Representation zeta function of a family of maximal class groups: non-exceptional primes (Q6611929)

This article is concerned with representation zeta functions and their \(p\)-local analogues for a certain family \(M_n\) of finitely generated torsion-free nilpotent groups of maximal class (equal to \(n \in \mathbb{N}\)). For a finitely generated torsion-free nilpotent group and a positive integer \(d\), there are finitely many equivalence classes of irreducible complex representations of dimension \(d\) with respect to isomorphism and twisting by a one-dimensional representation by a result of [\textit{A. Lubotzky} and \textit{A. R. Magid}, Varieties of representations of finitely generated groups. Providence, RI: American Mathematical Society (AMS) (1985; Zbl 0598.14042)], and the representation zeta function assembles the numbers of these equivalence classes into a Dirichlet generating function as in [\textit{A. Stasinski} and \textit{C. Voll}, Am.

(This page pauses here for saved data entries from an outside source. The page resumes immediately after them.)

theorem mainTheorem14:
  fixes \<alpha> \<beta> \<gamma> :: int
  assumes posdef: "\<alpha> > 0" "\<alpha> * \<gamma> - \<beta>\<^sup>2 > 0"
    and detsq: "\<exists>d::int. \<alpha> * \<gamma> - \<beta>\<^sup>2 = d\<^sup>2"
  shows "(sum_two_squares \<alpha> \<longleftrightarrow> (\<forall>x y. sum_two_squares (qform \<alpha> \<beta> \<gamma> x y)))
       \<and> (sum_two_squares \<alpha> \<longleftrightarrow>
            (\<exists>x y. (x, y) \<noteq> (0, 0) \<and> sum_two_squares (qform \<alpha> \<beta> \<gamma> x y)))
       \<and> (\<not> sum_two_squares \<alpha> \<longrightarrow>
            (\<exists>q::int. prime q \<and> q mod 4 = 3 \<and>
               (\<forall>x y. (x, y) \<noteq> (0, 0) \<longrightarrow> odd (multiplicity q (qform \<alpha> \<beta> \<gamma> x y)))))"
proof -
  obtain d where d: "\<alpha> * \<gamma> - \<beta>\<^sup>2 = d\<^sup>2" "d \<noteq> 0" using detsq posdef(2) by force
  note iff = sum_two_squares_qform_iff[OF posdef(1) d]
  have Q00: "qform \<alpha> \<beta> \<gamma> 0 0 = 0" and Q10: "qform \<alpha> \<beta> \<gamma> 1 0 = \<alpha>"
    by (simp_all add: qform_def)
  have "sum_two_squares \<alpha> \<longleftrightarrow> (\<forall>x y. sum_two_squares (qform \<alpha> \<beta> \<gamma> x y))"
  proof (intro iffI allI)
    show "sum_two_squares (qform \<alpha> \<beta> \<gamma> x y)" if "sum_two_squares \<alpha>" for x y
      using that iff Q00 by (cases "(x, y) = (0, 0)") auto
  qed (use Q10 in metis)
  moreover have "sum_two_squares \<alpha> \<longleftrightarrow>
      (\<exists>x y. (x, y) \<noteq> (0, 0) \<and> sum_two_squares (qform \<alpha> \<beta> \<gamma> x y))"
  proof
    show "\<exists>x y. (x, y) \<noteq> (0, 0) \<and> sum_two_squares (qform \<alpha> \<beta> \<gamma> x y)"
      if "sum_two_squares \<alpha>" using that Q10 by (intro exI[of _ 1] exI[of _ 0]) simp
  qed (use iff in blast)
  moreover have "\<exists>q::int. prime q \<and> q mod 4 = 3 \<and>
      (\<forall>x y. (x, y) \<noteq> (0, 0) \<longrightarrow> odd (multiplicity q (qform \<alpha> \<beta> \<gamma> x y)))"
    if not_sum: "\<not> sum_two_squares \<alpha>"
  proof -
    obtain q :: int where q: "prime q" "q mod 4 = 3" "odd (multiplicity q \<alpha>)"
      using not_sum sum_two_squares_iff_even_multiplicity posdef(1) by blast
    then show ?thesis
      using even_multiplicity_first_coeff_plus_qform[OF posdef(1) d] by auto
  qed
  ultimately show ?thesis by blast
qed

end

J. Math. 136, No. 2, 501--550 (2014; Zbl 1286.11140)]. Here, the author computes \(p\)-local analogues of the representation zeta function of \(M_n\) for all primes \(p>n\) by explicitly constructing a representative for every equivalence class of irreducible complex representations whose dimension is a power of \(p\). He also obtains the global representation zeta functions for the groups \(M_2\), \(M_3\) and \(M_4\).